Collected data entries
--- --- ---

lemma abs_slope_coeff_power_le:
  assumes r: "0 < r" and n: "2 \<le> n" "n \<le> N"
  defines "V \<equiv> \<lambda>k. if k < N then \<bar>slope_coeff k\<bar> * r^k else 0"
  defines "W \<equiv> \<lambda>k. if 2 \<le> k \<and> k < N then \<bar>slope_coeff k\<bar> * r^k else 0"
  defines "X \<equiv> \<lambda>k. V k + (if k = 1 then r else 0)"
  shows "\<bar>slope_coeff n\<bar> * r^n \<le> 2 / r * cauchy_conv W W (n + 1) + cauchy_conv X (cauchy_conv V V) n"
proof -
  let ?t = "trunc_seq slope_coeff n"
  define A where "A = cauchy_conv (diffs ?t) (\<lambda>k. 2 * ?t k - (if k = 1 then 1 else 0)) n"
  define B where "B = cauchy_conv (\<lambda>k. ?t k + (if k = 1 then 1 else 0))
                        (\<lambda>k. (if k = 0 then 1 else 0) + cauchy_conv ?t ?t k) n"
  have A: "\<bar>A\<bar> * r^n \<le> 2 * real (n + 1) / r * cauchy_conv W W (n + 1)"
    unfolding A_def W_def using deriv_part_trunc_seq_bound[OF r n] .
  have B: "\<bar>B\<bar> * r^n \<le> cauchy_conv X (cauchy_conv V V) n"
    unfolding B_def X_def V_def using cubic_part_trunc_seq_bound[OF r n] .
  have XVV0: "0 \<le> cauchy_conv X (cauchy_conv V V) n"
    using r by (intro cauchy_conv_nonneg) (auto simp: X_def V_def)
  have "\<bar>slope_coeff n\<bar> * r^n = \<bar>A - B\<bar> * r^n / (real (n + 1) * sqrt 3)"
    using slope_coeff_eq[OF n(1)] two_init_slope_minus_one
    by (simp add: ode_coeff_def A_def B_def abs_divide abs_minus_commute)
  also have "\<dots> \<le> \<bar>A - B\<bar> * r^n / real (n + 1)"
    using r by (intro divide_left_mono) (auto intro!: mult_pos_pos)
  also have "\<dots> \<le> (\<bar>A\<bar> * r^n + \<bar>B\<bar> * r^n) / real (n + 1)"
    using r abs_triangle_ineq4[of A B]
    by (intro divide_right_mono) (simp_all add: mult_right_mono flip: distrib_right)
  also have "\<dots> \<le> (2 * real (n + 1) / r * cauchy_conv W W (n + 1) + cauchy_conv X (cauchy_conv V V) n) / real (n + 1)"
    using A B by (intro divide_right_mono add_mono) auto
  also have "\<dots> = 2 / r * cauchy_conv W W (n + 1) + cauchy_conv X (cauchy_conv V V) n / real (n + 1)"
    by (simp add: field_simps)
  also have "\<dots> \<le> 2 / r * cauchy_conv W W (n + 1) + cauchy_conv X (cauchy_conv V V) n"
    using XVV0 mult_left_mono[of 1 "real (n + 1)" "cauchy_conv X (cauchy_conv V V) n"]
    by (simp add: divide_le_eq)
  finally show ?thesis .
qed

--- --- ---

▸ **WORK REQUEST**
In the entries above, find the line with "r^n = \<bar>A" and the line with "using r abs_triangle_ineq4[of A B]", then set down exactly those two and every line between them, nothing else.

▸ **PROBLEM SOLUTION**
  have "\<bar>slope_coeff n\<bar> * r^n = \<bar>A - B\<bar> * r^n / (real (n + 1) * sqrt 3)"
    using slope_coeff_eq[OF n(1)] two_init_slope_minus_one
    by (simp add: ode_coeff_def A_def B_def abs_divide abs_minus_commute)
  also have "\<dots> \<le> \<bar>A - B\<bar> * r^n / real (n + 1)"
    using r by (intro divide_left_mono) (auto intro!: mult_pos_pos)
  also have "\<dots> \<le> (\<bar>A\<bar> * r^n + \<bar>B\<bar> * r^n) / real (n + 1)"
    using r abs_triangle_ineq4[of A B]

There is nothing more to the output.